## YOUR ASSIGNMENT
Look through the records below for the line holding "(auto simp: is_path_append)". Write it out exactly, with each following line through the line holding "p2') \<in> phi".

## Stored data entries
..........

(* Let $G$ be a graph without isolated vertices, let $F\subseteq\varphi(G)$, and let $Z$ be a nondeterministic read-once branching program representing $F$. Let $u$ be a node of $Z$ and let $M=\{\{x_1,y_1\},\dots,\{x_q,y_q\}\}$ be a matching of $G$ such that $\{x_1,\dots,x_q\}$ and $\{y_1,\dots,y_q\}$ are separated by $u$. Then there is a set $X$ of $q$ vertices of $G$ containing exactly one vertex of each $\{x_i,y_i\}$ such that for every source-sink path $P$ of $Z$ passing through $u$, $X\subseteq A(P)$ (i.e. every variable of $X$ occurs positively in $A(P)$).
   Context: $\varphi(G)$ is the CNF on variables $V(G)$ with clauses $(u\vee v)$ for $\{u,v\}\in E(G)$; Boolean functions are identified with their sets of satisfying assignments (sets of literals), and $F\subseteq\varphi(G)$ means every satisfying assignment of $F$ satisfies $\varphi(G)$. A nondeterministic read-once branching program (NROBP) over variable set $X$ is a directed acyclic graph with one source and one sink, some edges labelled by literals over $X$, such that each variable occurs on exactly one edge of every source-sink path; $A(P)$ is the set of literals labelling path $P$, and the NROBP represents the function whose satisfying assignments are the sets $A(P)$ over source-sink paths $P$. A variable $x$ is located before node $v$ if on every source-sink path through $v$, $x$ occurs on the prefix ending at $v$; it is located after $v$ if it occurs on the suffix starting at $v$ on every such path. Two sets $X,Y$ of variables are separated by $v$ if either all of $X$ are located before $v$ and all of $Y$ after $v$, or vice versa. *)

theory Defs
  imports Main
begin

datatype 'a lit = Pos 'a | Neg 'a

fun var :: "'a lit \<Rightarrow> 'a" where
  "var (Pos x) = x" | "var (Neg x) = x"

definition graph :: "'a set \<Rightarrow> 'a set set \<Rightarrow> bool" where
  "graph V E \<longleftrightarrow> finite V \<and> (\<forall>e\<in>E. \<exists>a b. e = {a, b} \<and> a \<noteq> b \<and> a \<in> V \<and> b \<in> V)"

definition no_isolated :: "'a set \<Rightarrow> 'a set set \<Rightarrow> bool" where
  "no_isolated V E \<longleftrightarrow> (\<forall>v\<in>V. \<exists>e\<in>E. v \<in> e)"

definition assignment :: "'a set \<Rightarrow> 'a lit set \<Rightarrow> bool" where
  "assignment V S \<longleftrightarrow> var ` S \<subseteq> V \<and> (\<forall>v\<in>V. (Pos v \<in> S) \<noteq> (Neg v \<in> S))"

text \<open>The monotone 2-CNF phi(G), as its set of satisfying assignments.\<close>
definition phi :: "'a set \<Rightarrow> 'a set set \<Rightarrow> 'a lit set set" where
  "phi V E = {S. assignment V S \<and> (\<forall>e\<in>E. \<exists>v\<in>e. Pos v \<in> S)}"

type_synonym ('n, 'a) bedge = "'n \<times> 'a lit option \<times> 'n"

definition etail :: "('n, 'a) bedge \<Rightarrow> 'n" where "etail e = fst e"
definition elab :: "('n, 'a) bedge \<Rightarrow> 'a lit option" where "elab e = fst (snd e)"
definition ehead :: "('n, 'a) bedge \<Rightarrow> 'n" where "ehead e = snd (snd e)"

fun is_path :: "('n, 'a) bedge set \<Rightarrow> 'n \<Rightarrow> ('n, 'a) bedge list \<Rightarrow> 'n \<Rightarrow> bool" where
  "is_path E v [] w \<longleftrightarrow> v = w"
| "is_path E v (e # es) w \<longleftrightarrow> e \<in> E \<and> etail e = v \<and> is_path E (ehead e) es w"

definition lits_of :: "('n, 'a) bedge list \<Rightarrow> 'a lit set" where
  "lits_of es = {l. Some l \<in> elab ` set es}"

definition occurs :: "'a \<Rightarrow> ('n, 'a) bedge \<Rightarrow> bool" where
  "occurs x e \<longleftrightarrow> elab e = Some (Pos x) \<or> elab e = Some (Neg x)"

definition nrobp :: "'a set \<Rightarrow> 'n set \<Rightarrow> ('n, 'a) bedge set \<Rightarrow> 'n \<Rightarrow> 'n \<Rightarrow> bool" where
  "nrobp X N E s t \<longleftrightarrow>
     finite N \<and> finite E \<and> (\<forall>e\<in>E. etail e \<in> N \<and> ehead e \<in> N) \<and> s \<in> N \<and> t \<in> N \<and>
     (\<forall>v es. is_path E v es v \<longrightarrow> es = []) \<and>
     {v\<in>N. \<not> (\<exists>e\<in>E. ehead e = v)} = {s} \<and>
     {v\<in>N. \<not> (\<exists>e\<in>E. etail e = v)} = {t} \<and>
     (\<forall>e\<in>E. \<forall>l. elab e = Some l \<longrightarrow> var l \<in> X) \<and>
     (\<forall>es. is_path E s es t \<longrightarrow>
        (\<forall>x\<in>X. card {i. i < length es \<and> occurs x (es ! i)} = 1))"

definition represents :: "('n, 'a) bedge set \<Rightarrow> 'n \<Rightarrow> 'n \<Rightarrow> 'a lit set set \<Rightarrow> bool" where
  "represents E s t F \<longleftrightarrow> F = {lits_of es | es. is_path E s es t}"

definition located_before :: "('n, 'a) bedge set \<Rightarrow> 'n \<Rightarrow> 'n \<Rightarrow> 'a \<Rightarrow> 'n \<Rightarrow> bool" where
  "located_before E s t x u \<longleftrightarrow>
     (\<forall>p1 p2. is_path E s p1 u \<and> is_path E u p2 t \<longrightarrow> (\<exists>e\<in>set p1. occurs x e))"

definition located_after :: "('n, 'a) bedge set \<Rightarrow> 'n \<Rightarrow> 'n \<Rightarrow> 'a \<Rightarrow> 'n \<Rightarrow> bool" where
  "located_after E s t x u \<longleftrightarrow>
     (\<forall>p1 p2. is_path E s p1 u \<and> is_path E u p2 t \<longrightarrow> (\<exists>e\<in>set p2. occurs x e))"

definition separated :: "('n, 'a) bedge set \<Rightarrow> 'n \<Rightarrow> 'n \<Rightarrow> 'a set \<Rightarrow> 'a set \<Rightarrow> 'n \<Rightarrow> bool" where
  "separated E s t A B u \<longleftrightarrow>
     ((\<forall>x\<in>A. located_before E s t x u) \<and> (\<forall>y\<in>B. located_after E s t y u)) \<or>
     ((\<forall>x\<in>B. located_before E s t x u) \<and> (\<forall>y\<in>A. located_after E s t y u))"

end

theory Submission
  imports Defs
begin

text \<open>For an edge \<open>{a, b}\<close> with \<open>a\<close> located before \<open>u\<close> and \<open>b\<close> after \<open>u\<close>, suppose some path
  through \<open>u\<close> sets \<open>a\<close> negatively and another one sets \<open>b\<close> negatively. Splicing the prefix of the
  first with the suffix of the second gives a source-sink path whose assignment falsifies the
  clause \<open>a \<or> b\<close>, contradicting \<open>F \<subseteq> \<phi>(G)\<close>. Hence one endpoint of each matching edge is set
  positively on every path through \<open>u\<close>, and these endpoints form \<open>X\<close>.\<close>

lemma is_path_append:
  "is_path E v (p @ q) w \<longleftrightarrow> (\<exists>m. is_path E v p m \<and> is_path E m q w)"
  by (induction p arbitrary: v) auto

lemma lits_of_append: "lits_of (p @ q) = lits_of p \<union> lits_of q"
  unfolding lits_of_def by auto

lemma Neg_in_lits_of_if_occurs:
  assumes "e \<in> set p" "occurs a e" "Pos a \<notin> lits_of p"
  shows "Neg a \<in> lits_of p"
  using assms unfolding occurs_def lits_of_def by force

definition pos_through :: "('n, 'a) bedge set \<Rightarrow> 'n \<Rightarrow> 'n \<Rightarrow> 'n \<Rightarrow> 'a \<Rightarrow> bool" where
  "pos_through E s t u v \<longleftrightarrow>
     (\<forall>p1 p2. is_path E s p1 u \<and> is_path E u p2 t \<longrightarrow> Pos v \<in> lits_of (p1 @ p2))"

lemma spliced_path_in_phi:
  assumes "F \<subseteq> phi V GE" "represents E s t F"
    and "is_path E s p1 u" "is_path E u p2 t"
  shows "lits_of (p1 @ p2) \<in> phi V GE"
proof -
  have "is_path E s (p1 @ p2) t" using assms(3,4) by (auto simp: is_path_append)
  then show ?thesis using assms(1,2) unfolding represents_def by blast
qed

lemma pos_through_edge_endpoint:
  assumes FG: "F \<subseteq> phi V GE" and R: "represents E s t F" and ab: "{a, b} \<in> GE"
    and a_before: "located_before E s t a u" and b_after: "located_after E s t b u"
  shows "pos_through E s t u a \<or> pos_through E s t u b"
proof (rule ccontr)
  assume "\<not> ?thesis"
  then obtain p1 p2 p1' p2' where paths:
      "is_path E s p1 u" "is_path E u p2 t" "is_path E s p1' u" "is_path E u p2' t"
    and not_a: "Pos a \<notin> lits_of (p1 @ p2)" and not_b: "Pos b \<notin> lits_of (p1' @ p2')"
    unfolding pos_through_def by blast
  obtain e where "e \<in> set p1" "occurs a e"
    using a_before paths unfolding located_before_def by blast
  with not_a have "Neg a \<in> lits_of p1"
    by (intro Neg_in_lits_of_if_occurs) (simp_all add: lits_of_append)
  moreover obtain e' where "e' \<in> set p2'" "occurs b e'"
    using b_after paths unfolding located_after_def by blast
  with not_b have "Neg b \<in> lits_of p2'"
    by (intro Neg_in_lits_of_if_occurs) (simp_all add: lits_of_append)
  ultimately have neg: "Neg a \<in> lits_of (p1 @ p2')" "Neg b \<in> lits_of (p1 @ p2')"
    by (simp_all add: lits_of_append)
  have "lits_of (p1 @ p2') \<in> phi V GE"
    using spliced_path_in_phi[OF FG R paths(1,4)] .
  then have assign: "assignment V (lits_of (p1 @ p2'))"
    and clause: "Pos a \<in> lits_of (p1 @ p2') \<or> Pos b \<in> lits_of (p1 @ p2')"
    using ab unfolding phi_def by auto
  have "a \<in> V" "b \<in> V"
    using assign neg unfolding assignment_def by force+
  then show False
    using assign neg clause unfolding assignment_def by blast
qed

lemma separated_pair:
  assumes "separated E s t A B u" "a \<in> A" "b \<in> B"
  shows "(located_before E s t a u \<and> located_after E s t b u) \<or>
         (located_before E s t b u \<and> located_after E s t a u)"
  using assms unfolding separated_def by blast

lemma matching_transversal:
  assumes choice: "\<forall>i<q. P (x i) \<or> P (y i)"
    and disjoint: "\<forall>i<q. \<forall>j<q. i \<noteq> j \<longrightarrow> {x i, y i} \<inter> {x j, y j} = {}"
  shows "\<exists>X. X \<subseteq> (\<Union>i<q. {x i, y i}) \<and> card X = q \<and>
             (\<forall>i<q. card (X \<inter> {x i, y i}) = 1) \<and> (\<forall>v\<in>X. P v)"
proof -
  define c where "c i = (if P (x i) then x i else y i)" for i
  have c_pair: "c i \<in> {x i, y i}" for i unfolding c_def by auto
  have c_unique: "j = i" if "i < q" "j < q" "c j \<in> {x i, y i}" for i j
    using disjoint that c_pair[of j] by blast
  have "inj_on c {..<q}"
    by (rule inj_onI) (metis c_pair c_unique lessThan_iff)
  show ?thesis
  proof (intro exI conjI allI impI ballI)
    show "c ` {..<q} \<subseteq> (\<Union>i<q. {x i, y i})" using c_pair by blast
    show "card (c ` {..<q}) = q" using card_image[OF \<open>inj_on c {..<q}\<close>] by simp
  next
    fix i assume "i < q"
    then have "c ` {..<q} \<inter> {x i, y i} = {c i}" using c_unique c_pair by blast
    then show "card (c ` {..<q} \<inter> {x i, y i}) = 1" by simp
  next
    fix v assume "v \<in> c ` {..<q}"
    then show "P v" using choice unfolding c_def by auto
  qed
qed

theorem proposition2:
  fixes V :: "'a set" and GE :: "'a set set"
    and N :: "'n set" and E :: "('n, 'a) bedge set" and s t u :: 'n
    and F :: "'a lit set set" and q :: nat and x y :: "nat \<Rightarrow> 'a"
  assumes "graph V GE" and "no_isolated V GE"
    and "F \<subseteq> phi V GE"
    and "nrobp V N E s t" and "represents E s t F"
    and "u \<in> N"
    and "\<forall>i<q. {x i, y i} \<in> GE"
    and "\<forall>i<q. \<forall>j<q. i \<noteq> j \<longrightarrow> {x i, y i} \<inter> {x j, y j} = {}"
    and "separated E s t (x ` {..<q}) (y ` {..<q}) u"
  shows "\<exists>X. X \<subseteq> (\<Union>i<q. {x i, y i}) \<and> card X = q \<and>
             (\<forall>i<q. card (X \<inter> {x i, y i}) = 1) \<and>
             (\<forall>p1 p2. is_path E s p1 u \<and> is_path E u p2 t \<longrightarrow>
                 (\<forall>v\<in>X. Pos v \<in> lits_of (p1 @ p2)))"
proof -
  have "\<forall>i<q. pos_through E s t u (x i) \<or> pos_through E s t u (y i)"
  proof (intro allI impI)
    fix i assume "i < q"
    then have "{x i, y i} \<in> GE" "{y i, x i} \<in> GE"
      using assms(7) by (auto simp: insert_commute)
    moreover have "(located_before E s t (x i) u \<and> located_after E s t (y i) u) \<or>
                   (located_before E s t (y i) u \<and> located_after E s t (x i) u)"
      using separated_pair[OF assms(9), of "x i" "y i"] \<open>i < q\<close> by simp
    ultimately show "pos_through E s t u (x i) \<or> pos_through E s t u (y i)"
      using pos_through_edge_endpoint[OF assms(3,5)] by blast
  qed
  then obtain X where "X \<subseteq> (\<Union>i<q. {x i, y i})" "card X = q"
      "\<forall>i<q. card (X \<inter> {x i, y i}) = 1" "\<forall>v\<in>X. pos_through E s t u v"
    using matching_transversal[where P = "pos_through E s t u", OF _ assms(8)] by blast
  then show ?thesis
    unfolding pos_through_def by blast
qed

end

..........

## COMPLETED EXERCISE
  have "is_path E s (p1 @ p2) t" using assms(3,4) by (auto simp: is_path_append)
  then show ?thesis using assms(1,2) unfolding represents_def by blast
qed

lemma pos_through_edge_endpoint:
  assumes FG: "F \<subseteq> phi V GE" and R: "represents E s t F" and ab: "{a, b} \<in> GE"
    and a_before: "located_before E s t a u" and b_after: "located_after E s t b u"
  shows "pos_through E s t u a \<or> pos_through E s t u b"
proof (rule ccontr)
  assume "\<not> ?thesis"
  then obtain p1 p2 p1' p2' where paths:
      "is_path E s p1 u" "is_path E u p2 t" "is_path E s p1' u" "is_path E u p2' t"
    and not_a: "Pos a \<notin> lits_of (p1 @ p2)" and not_b: "Pos b \<notin> lits_of (p1' @ p2')"
    unfolding pos_through_def by blast
  obtain e where "e \<in> set p1" "occurs a e"
    using a_before paths unfolding located_before_def by blast
  with not_a have "Neg a \<in> lits_of p1"
    by (intro Neg_in_lits_of_if_occurs) (simp_all add: lits_of_append)
  moreover obtain e' where "e' \<in> set p2'" "occurs b e'"
    using b_after paths unfolding located_after_def by blast
  with not_b have "Neg b \<in> lits_of p2'"
    by (intro Neg_in_lits_of_if_occurs) (simp_all add: lits_of_append)
  ultimately have neg: "Neg a \<in> lits_of (p1 @ p2')" "Neg b \<in> lits_of (p1 @ p2')"
    by (simp_all add: lits_of_append)
  have "lits_of (p1 @ p2') \<in> phi V GE"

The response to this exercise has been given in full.